Among the lines below, a stretch begins at the one with "complex_of_real (sqrt (fact k * fact (k +" and ends at the one with "(\<forall>(f, u) \<in>". Repeat that stretch exactly, ends included.
[Opening RECORDED INFORMATION section]
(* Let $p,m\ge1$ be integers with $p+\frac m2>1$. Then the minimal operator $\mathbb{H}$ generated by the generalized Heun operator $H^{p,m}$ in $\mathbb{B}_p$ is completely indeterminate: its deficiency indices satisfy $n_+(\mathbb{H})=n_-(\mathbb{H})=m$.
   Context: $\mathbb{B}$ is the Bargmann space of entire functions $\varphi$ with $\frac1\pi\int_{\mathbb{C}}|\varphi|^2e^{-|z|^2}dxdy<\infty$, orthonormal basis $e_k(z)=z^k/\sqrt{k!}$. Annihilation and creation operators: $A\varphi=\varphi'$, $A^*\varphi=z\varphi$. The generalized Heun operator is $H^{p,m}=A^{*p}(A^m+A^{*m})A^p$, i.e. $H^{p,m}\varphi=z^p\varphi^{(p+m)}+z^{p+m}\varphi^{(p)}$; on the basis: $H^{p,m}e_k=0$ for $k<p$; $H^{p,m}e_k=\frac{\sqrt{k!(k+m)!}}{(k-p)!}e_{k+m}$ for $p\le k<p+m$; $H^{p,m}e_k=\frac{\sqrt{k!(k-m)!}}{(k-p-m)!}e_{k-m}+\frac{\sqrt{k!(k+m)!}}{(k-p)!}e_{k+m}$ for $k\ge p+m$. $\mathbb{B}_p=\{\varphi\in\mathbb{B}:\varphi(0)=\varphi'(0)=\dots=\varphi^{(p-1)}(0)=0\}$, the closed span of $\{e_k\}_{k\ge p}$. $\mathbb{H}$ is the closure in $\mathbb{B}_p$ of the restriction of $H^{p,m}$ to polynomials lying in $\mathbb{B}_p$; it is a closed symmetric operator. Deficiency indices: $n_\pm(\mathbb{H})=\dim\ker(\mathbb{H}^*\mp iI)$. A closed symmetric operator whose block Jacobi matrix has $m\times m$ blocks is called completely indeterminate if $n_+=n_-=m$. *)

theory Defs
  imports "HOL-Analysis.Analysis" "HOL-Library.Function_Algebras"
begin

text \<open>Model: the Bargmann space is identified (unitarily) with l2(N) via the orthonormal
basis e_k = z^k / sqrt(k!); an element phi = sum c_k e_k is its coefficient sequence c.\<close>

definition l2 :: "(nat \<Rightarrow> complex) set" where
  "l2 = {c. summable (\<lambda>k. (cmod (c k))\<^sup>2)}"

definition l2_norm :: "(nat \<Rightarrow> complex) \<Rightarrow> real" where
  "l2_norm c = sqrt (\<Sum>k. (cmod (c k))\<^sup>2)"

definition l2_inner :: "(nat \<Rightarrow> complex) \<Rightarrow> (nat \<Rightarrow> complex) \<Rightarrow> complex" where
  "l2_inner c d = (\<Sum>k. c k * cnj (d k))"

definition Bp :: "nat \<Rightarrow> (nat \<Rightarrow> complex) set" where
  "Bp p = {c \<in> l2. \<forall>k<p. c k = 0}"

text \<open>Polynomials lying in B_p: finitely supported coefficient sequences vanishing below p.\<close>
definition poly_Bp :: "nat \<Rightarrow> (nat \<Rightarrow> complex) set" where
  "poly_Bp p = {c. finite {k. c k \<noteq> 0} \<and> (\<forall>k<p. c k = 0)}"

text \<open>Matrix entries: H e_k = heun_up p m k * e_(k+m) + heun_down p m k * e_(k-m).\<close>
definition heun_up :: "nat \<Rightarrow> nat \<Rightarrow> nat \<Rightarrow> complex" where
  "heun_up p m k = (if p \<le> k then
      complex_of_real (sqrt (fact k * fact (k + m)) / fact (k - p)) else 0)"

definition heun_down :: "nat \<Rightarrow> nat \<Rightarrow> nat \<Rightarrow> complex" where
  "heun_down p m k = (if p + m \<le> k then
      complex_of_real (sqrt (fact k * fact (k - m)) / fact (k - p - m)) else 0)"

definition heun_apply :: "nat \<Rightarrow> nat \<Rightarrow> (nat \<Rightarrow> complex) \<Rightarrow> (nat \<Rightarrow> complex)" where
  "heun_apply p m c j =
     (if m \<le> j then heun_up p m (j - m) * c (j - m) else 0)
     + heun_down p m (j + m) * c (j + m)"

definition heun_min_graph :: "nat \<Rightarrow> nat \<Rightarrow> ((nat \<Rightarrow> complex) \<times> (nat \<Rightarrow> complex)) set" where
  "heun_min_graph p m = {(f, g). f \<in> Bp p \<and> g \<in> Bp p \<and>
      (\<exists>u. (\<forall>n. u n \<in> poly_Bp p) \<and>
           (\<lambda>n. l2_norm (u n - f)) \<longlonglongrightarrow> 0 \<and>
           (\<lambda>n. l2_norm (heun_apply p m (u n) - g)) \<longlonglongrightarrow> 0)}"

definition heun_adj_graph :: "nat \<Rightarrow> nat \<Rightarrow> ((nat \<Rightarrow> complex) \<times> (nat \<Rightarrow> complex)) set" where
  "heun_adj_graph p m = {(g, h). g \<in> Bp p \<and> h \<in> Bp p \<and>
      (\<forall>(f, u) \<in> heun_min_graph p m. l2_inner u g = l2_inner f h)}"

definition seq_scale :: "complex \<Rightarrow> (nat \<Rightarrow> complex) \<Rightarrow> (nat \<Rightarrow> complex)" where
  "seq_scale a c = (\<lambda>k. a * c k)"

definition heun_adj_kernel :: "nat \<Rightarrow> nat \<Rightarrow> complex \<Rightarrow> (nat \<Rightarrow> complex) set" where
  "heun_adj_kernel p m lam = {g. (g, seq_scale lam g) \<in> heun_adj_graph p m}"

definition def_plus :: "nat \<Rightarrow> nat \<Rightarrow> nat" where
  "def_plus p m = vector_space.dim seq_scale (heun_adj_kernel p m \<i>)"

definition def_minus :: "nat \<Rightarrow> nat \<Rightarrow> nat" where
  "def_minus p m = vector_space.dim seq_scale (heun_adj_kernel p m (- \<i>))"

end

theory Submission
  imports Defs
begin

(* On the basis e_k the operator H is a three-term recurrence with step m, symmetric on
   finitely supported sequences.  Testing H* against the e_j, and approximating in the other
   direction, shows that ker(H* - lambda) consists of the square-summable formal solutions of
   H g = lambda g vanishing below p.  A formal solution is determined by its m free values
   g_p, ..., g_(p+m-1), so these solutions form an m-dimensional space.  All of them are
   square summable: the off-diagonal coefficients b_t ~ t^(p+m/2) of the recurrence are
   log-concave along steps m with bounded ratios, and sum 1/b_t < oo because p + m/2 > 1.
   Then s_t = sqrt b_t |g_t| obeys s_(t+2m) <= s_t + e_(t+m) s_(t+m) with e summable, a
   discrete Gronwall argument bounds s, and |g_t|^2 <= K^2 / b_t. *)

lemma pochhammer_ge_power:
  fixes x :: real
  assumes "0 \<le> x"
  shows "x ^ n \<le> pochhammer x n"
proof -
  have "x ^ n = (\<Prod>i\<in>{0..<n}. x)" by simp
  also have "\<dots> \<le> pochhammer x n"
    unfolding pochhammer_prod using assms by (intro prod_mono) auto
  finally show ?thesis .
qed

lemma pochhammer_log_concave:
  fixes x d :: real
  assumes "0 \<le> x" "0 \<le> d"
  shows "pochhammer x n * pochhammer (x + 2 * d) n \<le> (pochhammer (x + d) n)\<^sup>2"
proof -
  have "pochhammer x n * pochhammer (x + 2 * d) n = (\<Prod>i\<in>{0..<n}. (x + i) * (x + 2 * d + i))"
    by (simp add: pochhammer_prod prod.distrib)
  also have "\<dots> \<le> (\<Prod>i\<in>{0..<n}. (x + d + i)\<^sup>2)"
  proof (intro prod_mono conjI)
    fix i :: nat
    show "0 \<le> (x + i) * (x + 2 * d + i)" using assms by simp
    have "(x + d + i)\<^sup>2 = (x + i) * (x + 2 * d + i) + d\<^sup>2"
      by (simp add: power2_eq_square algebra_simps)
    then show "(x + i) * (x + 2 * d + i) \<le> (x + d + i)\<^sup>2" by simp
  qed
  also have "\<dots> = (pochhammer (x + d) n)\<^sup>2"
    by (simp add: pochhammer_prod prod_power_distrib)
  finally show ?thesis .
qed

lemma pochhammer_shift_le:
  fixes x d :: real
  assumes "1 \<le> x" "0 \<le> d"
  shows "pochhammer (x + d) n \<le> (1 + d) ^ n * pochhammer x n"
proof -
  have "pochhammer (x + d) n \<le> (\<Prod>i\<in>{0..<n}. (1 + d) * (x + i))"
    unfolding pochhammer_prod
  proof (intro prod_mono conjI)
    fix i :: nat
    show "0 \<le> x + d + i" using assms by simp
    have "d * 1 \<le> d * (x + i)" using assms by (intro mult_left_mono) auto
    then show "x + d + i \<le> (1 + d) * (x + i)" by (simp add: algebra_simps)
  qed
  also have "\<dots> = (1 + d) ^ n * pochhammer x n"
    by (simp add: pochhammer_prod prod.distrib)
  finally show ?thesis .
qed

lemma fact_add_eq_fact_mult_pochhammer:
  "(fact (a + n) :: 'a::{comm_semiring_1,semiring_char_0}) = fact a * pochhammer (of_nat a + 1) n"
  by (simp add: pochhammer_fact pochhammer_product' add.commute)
[Closing RECORDED INFORMATION section]
[Opening RECORDED INFORMATION section]
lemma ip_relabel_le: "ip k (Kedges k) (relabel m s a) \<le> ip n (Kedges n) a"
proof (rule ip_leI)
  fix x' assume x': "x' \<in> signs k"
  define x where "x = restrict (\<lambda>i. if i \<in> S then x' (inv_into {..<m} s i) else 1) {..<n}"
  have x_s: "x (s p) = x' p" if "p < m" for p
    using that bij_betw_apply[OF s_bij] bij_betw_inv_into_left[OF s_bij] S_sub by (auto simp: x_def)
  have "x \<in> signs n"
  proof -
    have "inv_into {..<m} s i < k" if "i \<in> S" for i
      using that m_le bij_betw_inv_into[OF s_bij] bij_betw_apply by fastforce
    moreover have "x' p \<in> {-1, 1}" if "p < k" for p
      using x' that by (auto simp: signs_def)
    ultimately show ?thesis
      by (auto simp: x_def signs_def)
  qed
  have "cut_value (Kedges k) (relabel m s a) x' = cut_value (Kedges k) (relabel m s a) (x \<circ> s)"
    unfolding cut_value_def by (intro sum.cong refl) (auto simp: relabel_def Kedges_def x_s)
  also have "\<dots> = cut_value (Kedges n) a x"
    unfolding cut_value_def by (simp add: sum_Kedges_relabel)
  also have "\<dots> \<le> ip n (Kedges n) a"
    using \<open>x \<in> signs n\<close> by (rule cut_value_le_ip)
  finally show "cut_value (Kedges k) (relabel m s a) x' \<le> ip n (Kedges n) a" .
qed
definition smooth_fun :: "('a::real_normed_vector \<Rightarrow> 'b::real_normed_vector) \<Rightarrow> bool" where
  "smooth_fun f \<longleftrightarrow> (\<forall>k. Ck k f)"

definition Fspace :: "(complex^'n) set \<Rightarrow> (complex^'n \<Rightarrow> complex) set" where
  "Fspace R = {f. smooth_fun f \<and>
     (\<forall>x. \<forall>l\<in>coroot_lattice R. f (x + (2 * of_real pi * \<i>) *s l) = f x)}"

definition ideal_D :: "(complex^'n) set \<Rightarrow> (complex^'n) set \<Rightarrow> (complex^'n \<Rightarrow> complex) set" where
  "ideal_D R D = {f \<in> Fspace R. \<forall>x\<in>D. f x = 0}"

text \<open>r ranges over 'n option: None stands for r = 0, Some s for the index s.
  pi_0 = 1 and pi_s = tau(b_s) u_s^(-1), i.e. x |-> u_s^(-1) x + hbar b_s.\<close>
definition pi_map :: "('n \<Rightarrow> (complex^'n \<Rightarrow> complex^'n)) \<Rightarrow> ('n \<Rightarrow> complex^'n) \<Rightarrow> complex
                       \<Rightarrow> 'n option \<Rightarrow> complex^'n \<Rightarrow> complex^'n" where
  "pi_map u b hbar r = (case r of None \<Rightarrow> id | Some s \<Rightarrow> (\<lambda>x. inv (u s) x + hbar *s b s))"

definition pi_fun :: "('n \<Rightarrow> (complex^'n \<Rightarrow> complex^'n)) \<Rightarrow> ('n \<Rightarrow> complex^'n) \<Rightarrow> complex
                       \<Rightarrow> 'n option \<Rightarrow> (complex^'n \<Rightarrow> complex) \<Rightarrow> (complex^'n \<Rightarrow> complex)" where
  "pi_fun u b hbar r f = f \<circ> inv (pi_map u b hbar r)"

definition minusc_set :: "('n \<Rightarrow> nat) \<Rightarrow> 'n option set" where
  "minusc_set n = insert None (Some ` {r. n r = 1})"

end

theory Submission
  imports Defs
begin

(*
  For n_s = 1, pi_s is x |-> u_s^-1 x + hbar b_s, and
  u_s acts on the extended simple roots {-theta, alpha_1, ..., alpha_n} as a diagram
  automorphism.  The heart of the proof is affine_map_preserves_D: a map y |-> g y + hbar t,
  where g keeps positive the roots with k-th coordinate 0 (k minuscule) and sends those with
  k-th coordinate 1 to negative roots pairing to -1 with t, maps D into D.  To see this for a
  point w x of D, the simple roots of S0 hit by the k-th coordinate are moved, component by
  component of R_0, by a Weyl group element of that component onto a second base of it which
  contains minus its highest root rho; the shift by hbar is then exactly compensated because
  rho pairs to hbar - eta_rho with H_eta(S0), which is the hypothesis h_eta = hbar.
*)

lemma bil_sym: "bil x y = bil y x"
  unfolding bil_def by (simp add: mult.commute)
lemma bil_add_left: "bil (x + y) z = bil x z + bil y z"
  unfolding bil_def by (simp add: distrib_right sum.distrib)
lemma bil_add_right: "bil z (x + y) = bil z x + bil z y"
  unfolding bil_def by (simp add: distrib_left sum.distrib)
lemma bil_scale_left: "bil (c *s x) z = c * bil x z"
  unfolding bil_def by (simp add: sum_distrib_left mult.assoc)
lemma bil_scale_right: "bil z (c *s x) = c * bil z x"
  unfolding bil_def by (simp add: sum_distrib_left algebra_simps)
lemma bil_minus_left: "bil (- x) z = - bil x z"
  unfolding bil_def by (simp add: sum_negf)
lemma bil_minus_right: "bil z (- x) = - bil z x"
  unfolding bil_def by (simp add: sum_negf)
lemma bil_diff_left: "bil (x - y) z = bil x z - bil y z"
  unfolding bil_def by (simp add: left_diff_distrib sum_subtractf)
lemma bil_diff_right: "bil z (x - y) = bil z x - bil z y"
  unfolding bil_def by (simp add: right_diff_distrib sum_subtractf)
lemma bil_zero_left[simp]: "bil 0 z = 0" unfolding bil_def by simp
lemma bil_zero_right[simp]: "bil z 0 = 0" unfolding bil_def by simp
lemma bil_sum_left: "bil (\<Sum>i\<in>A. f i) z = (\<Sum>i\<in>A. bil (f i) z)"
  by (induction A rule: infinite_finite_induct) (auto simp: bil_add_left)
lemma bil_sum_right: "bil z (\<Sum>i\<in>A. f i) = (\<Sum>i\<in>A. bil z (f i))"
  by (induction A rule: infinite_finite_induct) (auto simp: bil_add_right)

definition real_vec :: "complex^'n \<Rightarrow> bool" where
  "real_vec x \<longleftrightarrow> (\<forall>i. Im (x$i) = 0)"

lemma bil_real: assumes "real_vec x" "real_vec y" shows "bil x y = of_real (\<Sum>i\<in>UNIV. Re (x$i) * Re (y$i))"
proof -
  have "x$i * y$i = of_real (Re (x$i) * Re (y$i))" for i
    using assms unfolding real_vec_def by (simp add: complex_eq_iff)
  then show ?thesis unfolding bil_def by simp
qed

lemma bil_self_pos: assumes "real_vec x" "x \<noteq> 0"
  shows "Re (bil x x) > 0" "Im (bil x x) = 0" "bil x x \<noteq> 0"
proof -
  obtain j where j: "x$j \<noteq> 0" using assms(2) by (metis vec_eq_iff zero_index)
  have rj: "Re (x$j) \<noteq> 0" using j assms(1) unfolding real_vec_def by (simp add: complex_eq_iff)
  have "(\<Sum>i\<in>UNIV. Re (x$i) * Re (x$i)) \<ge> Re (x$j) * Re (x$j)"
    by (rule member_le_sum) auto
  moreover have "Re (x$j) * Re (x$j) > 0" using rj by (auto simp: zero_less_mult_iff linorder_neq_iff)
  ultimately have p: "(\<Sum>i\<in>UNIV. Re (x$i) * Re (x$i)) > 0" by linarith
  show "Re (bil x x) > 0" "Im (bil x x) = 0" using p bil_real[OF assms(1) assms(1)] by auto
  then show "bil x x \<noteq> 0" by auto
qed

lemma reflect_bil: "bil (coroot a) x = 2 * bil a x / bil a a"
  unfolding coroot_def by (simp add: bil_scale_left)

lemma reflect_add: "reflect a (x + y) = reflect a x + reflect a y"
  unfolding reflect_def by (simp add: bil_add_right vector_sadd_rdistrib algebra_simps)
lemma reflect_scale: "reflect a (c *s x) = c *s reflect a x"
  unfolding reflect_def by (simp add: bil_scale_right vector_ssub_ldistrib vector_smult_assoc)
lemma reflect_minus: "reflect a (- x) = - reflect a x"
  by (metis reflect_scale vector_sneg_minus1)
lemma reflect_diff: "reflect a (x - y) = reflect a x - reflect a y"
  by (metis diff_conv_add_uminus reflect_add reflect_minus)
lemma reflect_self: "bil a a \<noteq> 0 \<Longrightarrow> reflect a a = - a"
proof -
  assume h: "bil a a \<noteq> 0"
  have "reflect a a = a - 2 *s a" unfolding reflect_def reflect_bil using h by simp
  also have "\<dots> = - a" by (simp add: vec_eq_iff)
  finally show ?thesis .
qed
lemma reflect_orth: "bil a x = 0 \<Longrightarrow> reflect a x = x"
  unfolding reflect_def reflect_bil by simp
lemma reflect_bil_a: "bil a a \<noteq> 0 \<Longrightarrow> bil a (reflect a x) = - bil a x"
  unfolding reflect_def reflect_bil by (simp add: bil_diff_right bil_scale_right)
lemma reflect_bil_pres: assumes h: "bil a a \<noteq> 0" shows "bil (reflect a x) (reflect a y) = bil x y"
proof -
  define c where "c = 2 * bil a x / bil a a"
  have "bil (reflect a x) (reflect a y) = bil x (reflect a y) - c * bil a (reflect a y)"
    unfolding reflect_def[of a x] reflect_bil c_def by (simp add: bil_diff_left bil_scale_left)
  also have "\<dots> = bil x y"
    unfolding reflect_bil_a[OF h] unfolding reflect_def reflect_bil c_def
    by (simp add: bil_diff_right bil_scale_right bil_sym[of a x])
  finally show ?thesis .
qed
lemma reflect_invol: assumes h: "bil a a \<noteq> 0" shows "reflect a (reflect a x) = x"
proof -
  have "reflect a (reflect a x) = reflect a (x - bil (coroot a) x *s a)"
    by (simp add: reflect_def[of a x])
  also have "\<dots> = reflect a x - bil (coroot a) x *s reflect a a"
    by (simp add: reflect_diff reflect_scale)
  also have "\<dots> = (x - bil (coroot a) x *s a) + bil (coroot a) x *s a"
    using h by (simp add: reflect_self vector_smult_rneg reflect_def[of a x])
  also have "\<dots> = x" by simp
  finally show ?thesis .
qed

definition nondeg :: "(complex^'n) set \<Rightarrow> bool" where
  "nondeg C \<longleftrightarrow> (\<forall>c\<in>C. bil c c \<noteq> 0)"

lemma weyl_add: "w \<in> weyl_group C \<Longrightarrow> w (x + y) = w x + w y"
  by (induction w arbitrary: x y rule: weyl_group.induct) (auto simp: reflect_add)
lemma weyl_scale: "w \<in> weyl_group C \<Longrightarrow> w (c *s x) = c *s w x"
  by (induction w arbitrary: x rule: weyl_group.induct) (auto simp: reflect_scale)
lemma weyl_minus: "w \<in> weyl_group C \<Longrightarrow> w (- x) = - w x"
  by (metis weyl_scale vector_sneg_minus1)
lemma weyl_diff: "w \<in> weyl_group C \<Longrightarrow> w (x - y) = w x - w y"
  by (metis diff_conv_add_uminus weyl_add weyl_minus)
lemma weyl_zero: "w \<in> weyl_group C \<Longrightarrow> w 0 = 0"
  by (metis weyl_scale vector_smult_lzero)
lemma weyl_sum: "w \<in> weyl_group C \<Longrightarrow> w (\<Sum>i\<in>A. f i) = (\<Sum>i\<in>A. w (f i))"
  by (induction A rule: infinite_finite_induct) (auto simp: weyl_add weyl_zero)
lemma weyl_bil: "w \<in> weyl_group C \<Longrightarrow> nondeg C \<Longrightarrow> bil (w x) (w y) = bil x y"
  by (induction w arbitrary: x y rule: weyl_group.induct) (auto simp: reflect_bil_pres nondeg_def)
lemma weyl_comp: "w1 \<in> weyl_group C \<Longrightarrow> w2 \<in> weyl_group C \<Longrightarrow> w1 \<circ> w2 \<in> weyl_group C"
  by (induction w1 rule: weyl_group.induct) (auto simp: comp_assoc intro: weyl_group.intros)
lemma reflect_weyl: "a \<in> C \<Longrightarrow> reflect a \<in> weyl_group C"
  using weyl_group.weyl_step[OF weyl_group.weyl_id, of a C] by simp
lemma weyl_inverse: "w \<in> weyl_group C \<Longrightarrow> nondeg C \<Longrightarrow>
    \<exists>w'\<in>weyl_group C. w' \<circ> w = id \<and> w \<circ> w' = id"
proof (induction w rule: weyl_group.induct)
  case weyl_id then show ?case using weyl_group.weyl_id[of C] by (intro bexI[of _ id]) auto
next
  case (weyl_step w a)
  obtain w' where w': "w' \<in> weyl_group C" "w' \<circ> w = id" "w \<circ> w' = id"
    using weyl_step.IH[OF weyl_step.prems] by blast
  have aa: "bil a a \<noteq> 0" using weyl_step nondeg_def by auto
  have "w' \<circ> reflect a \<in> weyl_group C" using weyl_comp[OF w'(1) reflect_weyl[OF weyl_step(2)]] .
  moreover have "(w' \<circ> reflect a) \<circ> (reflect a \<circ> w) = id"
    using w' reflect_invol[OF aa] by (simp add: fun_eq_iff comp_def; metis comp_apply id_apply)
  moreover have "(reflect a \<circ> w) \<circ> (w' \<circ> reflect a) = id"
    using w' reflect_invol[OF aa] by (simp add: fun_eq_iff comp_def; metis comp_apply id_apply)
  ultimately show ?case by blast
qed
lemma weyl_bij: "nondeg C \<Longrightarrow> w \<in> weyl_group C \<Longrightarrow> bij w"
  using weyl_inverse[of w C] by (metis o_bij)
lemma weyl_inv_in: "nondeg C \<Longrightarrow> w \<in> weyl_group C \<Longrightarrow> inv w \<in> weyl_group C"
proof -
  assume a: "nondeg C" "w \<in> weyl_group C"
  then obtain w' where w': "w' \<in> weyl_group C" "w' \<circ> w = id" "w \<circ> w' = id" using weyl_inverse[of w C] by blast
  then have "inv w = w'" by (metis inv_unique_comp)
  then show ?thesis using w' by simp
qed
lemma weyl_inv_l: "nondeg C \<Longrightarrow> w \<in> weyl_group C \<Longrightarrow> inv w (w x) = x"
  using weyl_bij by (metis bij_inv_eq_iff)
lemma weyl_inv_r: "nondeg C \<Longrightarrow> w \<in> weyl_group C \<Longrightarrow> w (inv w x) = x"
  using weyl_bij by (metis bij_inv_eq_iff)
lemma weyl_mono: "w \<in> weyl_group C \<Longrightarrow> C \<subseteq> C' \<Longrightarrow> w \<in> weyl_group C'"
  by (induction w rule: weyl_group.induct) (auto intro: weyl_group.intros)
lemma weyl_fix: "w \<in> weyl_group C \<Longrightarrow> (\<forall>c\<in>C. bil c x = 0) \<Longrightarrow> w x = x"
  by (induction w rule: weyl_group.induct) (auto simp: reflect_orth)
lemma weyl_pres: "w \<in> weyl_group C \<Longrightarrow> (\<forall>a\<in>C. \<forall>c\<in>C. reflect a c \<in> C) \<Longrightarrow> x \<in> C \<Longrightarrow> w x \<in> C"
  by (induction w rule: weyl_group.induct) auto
[Closing RECORDED INFORMATION section]
> TASK RESULT
      complex_of_real (sqrt (fact k * fact (k + m)) / fact (k - p)) else 0)"

definition heun_down :: "nat \<Rightarrow> nat \<Rightarrow> nat \<Rightarrow> complex" where
  "heun_down p m k = (if p + m \<le> k then
      complex_of_real (sqrt (fact k * fact (k - m)) / fact (k - p - m)) else 0)"

definition heun_apply :: "nat \<Rightarrow> nat \<Rightarrow> (nat \<Rightarrow> complex) \<Rightarrow> (nat \<Rightarrow> complex)" where
  "heun_apply p m c j =
     (if m \<le> j then heun_up p m (j - m) * c (j - m) else 0)
     + heun_down p m (j + m) * c (j + m)"

definition heun_min_graph :: "nat \<Rightarrow> nat \<Rightarrow> ((nat \<Rightarrow> complex) \<times> (nat \<Rightarrow> complex)) set" where
  "heun_min_graph p m = {(f, g). f \<in> Bp p \<and> g \<in> Bp p \<and>
      (\<exists>u. (\<forall>n. u n \<in> poly_Bp p) \<and>
           (\<lambda>n. l2_norm (u n - f)) \<longlonglongrightarrow> 0 \<and>
           (\<lambda>n. l2_norm (heun_apply p m (u n) - g)) \<longlonglongrightarrow> 0)}"

definition heun_adj_graph :: "nat \<Rightarrow> nat \<Rightarrow> ((nat \<Rightarrow> complex) \<times> (nat \<Rightarrow> complex)) set" where
  "heun_adj_graph p m = {(g, h). g \<in> Bp p \<and> h \<in> Bp p \<and>
      (\<forall>(f, u) \<in> heun_min_graph p m. l2_inner u g = l2_inner f h)}"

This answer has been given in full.